Find all lines below containing the string "circ" and return them.

★ ★ ★ ★

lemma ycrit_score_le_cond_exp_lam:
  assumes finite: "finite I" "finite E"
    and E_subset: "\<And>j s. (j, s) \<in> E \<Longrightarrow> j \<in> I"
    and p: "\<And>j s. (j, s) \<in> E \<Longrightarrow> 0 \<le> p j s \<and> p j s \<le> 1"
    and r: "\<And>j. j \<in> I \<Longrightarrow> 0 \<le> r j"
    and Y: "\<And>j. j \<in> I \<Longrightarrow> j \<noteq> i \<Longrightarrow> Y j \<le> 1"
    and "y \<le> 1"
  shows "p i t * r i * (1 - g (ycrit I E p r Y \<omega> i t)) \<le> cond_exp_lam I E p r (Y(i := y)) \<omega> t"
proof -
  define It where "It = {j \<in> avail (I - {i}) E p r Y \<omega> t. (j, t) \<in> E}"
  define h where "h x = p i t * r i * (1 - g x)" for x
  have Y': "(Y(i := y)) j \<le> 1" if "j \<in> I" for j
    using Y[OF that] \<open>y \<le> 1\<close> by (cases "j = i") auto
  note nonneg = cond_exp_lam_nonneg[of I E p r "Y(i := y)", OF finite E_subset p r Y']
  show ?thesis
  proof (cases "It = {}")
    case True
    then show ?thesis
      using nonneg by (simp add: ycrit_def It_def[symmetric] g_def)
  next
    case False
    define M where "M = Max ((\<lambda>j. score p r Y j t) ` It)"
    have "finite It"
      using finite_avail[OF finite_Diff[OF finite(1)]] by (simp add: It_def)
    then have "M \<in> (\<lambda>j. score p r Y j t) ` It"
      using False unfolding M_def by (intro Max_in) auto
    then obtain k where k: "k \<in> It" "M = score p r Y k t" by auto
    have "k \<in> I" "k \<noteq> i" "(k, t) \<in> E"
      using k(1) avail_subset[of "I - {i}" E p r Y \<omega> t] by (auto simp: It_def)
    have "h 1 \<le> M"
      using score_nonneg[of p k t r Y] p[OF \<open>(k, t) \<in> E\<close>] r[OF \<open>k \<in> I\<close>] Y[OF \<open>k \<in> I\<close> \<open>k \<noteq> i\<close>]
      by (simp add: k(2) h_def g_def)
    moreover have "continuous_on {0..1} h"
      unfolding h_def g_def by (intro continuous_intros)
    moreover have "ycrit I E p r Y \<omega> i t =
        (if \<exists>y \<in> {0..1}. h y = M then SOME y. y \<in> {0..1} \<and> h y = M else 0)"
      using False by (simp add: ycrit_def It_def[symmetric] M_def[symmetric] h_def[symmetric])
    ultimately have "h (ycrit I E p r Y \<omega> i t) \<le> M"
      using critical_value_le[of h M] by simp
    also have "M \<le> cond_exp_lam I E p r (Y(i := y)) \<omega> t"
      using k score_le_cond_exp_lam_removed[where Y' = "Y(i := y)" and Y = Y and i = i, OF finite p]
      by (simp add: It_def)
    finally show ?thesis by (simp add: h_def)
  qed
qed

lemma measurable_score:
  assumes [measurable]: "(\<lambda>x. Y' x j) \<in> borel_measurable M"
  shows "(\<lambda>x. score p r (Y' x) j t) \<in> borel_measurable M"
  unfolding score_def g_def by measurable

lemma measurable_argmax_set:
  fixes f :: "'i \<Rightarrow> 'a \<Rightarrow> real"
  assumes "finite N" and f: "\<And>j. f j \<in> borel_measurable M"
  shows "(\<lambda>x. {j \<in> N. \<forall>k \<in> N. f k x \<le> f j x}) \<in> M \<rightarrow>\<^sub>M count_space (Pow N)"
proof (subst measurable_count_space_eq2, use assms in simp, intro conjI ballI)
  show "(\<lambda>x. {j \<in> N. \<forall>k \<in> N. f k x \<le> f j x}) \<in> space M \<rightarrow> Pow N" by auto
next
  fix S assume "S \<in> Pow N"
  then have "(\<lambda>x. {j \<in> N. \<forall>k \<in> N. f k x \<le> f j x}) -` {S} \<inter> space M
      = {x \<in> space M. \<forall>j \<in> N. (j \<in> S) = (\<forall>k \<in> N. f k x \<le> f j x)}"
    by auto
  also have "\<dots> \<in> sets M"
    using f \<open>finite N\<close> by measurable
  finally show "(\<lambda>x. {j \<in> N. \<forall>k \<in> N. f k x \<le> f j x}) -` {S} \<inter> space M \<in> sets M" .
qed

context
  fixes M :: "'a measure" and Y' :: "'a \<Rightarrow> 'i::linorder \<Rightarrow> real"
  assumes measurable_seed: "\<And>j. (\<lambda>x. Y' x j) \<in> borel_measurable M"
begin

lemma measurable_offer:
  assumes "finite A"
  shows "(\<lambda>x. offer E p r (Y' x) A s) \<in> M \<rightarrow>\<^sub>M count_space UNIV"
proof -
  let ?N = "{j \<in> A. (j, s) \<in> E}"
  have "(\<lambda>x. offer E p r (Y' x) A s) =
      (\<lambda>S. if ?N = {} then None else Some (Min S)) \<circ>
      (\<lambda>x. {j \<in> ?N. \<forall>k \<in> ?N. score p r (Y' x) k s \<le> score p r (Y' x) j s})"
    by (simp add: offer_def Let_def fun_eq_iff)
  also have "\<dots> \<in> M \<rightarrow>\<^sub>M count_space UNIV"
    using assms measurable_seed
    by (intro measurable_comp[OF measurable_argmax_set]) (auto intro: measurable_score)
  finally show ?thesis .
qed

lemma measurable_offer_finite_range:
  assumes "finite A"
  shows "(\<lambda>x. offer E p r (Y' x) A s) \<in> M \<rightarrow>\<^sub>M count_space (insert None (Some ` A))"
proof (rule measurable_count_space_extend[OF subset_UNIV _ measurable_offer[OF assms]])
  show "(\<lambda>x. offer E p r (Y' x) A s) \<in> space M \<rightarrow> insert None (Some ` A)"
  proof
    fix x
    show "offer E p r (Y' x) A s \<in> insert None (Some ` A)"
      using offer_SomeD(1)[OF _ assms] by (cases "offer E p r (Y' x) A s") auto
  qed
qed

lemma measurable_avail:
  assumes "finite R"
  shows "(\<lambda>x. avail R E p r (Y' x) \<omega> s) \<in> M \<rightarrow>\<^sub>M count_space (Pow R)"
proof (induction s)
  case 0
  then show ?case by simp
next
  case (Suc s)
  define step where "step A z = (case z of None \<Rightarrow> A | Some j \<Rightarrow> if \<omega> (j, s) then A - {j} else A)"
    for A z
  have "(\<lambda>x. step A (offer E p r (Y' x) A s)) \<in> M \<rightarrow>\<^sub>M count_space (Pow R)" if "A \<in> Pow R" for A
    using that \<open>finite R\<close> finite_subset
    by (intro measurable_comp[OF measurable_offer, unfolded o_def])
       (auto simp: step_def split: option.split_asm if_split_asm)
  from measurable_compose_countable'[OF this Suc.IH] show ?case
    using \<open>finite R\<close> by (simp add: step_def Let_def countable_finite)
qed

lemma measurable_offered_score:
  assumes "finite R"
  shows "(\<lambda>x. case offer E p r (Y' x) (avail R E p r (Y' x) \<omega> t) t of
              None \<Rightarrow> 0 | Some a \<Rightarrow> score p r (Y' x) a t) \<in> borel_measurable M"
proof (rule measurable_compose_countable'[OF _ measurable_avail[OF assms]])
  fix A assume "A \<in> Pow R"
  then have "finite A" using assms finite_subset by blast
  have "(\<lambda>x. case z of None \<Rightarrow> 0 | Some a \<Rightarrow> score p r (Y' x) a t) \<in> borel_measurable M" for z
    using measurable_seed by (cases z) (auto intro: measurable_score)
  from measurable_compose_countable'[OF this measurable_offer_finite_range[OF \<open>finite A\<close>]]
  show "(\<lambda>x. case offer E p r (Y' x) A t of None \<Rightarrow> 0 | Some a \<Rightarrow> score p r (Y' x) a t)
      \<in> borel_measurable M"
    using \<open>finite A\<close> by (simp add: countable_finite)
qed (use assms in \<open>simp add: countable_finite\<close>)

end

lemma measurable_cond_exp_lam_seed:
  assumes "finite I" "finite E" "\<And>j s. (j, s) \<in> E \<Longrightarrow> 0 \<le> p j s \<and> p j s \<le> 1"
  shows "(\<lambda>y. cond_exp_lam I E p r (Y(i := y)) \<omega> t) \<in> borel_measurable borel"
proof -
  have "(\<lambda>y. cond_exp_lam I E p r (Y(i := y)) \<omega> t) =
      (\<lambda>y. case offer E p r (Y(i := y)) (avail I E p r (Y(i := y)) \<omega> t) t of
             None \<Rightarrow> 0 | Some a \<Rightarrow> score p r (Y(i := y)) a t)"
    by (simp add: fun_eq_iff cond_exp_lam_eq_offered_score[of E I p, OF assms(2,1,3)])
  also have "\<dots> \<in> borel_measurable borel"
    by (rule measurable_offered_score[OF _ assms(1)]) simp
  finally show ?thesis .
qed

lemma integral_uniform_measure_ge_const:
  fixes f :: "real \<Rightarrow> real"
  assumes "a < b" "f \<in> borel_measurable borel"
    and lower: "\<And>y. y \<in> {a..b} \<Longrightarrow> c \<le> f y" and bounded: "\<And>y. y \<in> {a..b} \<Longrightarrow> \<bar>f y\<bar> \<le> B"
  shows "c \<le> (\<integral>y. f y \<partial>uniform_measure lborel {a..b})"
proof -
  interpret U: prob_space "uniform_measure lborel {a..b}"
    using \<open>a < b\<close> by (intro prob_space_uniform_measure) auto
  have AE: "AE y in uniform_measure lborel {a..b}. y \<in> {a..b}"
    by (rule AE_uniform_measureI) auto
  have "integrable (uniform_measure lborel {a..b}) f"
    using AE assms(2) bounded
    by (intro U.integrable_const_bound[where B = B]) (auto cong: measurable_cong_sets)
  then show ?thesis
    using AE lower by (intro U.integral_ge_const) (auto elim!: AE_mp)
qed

★ ★ ★ ★

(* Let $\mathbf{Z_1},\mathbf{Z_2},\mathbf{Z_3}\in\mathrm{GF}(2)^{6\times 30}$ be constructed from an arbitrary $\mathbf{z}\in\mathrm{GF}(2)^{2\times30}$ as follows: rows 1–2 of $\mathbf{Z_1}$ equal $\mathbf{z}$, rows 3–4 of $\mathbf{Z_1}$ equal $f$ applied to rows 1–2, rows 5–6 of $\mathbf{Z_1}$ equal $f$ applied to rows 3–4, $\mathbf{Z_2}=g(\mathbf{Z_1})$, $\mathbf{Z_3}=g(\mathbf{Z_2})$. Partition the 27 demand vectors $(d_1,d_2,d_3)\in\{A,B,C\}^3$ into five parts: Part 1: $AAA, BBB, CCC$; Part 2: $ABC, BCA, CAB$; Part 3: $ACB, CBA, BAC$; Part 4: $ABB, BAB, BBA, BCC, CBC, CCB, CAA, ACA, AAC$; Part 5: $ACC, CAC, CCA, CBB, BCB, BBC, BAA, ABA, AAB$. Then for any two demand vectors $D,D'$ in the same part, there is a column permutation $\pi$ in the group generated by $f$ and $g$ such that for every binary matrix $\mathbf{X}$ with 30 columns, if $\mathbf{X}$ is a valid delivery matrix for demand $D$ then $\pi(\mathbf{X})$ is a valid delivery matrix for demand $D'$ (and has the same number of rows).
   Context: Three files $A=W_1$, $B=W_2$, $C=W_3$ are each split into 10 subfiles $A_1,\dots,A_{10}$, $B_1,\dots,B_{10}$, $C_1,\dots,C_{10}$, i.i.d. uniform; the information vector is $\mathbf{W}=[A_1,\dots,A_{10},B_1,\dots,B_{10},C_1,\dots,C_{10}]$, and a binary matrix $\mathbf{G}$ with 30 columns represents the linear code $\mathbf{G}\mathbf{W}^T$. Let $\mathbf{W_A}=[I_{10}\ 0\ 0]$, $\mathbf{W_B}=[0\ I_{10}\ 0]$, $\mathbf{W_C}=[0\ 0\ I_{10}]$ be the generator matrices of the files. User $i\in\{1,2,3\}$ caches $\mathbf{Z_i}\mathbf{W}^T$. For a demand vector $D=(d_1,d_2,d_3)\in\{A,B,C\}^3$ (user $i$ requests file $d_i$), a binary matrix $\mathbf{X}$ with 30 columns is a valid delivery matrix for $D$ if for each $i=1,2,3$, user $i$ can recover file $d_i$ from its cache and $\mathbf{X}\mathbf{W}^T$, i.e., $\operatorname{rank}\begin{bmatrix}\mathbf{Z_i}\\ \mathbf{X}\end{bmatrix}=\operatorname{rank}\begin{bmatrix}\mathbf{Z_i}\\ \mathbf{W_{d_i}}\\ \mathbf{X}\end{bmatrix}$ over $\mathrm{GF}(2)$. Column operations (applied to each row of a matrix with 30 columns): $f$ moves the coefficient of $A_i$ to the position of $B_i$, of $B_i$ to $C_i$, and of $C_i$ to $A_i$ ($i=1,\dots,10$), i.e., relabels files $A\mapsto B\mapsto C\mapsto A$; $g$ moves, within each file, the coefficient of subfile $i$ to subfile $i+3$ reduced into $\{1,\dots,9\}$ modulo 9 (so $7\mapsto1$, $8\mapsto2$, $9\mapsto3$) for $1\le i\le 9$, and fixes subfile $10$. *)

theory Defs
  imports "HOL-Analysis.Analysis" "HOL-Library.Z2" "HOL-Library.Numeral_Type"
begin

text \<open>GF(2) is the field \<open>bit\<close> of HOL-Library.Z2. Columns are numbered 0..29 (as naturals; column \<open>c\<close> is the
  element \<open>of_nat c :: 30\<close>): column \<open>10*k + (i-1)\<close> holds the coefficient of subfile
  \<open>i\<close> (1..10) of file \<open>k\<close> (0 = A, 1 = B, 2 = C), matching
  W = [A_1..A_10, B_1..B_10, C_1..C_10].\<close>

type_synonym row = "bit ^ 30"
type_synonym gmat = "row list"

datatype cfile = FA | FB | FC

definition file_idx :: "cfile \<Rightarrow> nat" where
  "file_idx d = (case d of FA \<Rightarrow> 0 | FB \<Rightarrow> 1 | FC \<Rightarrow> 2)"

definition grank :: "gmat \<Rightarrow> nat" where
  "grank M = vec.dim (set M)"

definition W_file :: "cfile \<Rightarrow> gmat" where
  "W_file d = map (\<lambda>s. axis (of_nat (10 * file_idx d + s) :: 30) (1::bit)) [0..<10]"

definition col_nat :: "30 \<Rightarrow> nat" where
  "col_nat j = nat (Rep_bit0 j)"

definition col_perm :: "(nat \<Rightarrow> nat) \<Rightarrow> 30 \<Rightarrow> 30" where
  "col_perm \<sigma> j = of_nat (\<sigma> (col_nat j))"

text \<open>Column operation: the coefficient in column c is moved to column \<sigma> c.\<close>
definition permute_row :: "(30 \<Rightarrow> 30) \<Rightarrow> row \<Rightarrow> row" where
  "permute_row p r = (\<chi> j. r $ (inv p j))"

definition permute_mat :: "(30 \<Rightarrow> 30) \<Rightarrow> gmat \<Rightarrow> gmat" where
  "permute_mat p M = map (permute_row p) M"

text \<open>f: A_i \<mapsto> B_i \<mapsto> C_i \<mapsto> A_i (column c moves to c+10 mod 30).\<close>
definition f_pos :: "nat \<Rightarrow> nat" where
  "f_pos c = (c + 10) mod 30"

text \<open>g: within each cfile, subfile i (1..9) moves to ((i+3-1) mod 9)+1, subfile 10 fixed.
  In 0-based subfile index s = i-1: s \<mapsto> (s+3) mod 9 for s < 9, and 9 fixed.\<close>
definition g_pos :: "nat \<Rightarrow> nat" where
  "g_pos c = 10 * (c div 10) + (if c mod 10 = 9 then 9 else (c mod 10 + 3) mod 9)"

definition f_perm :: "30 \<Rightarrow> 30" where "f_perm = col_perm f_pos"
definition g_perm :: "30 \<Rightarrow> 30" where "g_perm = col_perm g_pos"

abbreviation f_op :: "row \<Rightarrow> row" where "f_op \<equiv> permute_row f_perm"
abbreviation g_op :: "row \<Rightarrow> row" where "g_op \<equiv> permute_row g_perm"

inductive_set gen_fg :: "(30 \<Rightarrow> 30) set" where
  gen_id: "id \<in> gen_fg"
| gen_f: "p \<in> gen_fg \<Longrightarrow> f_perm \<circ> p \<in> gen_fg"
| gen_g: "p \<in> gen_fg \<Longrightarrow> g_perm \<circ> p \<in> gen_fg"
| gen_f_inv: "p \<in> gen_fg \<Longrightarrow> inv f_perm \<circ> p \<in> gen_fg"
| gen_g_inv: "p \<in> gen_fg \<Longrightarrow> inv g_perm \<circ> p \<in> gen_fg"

★ ★ ★ ★

=== Task result ===
      (\<lambda>S. if ?N = {} then None else Some (Min S)) \<circ>
| gen_f: "p \<in> gen_fg \<Longrightarrow> f_perm \<circ> p \<in> gen_fg"
| gen_g: "p \<in> gen_fg \<Longrightarrow> g_perm \<circ> p \<in> gen_fg"
| gen_f_inv: "p \<in> gen_fg \<Longrightarrow> inv f_perm \<circ> p \<in> gen_fg"
| gen_g_inv: "p \<in> gen_fg \<Longrightarrow> inv g_perm \<circ> p \<in> gen_fg"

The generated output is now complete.